When an organization, for example XYZ Inc., first joins the overlay network, it requests a certificate from the GCA 901 that indicates that the organization owns the organizational prefix xyz.com. The organization also requests that the GCA 901 allocate to the organization a batch of unique, randomly distributed numeric IDs for all its machines and a certificate certifying that it owns these numbers. The OCAs 902 of the organization can use the certificates and numeric IDs obtained from the GCA 901, in combination with certified name IDs generated locally, to allocate node names 205 and node IDs 206 to specific machines within the organization. Note that this design allows the GCA 901 to be off-line, since nodes don't actually care which node ID 206 is assigned to them.
Thus, the node owning the name xyz.com/building112/machine42 and the numeric ID 13729 would be issued three certificates by one of the OCAs 902: a certificate from the GCA 901 saying that XYZ's organizational prefix is xyz.com and that numeric ID 13729 belongs to XYZ, a certificate from the GCA 901 saying that the relevant OCA 902 is allowed to allocate node names 205 and node IDs 206 for XYZ, and a certificate from XYZ's OCA 902 saying that building112/machine42 is a legitimate XYZ node name suffix and is bound to 13729.
If malicious nodes can, by means of false routing advertisements, influence honest nodes' routing table entries, then they can subvert event message traffic that does not go directly through them. SkipNet achieves security in this respect because routing tables define a global set of routing rings that are sorted by node name IDs, with each overlay node belonging to at most log N routing rings, where N is the number of nodes in the overlay network. Which routing rings a node belongs to is determined by its numeric ID. The CAs for an organization ensure that malicious nodes cannot obtain arbitrary name IDs and numeric IDs for nodes within the organization.
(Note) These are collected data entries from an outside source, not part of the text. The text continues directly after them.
theorem lemma2p10:
  fixes p :: nat and R :: "nat \<Rightarrow> 'a ring" and t :: "nat \<Rightarrow> 'a \<Rightarrow> 'a" and I0 :: "'a set"
    and i :: nat
  assumes "Factorial_Ring.prime p"
    and "preperfectoid_tower p R t I0"
  shows "inj_on
           (frob_quot (small_tilt p R t I0) p
              (small_tilt_ideal p R t I0 [^]\<^bsub>ideals_set (small_tilt p R t I0)\<^esub> (p ^ Suc i)))
           (carrier (small_tilt p R t I0 Quot
              (small_tilt_ideal p R t I0 [^]\<^bsub>ideals_set (small_tilt p R t I0)\<^esub> (p ^ i))))"
proof -
  obtain u where "frobenius_tower (Rbar R t I0) (Frob_F p R t I0) p (tbar R t I0) u"
    using preperfectoid_frobenius_tower[OF assms] by blast
  then interpret frobenius_tower "Rbar R t I0" "Frob_F p R t I0" p "tbar R t I0" u .
  show ?thesis
    unfolding small_tilt_ideal_eq small_tilt_eq by (rule frob_quot_inj)
qed

end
Once a node has been assigned its name ID and numeric ID, the set of routing table pointers it may choose is deterministic.
Nodes within a malicious organization have a degree of freedom that malicious nodes in an “honest” organization do not have: although they can only assume a numeric ID that has been assigned to the organization by the global CA, they can masquerade under any name ID. Fortunately, nodes from a malicious organization can only affect the routing entries of a node in another organization that point in to the malicious organization. In particular, this implies that they cannot subvert pointers internal to a good organization. This is because internal pointers must be to nodes that share the same organizational name prefix.
In view of the many possible embodiments to which the principles of this invention may be applied, it should be recognized that the embodiment described herein with respect to the drawing figures is meant to be illustrative only and should not be taken as limiting the scope of invention. For example, those of skill in the art will recognize that the elements of the illustrated embodiment shown in software may be implemented in hardware and vice versa or that the illustrated embodiment can be modified in arrangement and detail without departing from the spirit of the invention. Therefore, the invention as described herein contemplates all such embodiments as may come within the scope of the following claims and equivalents thereof.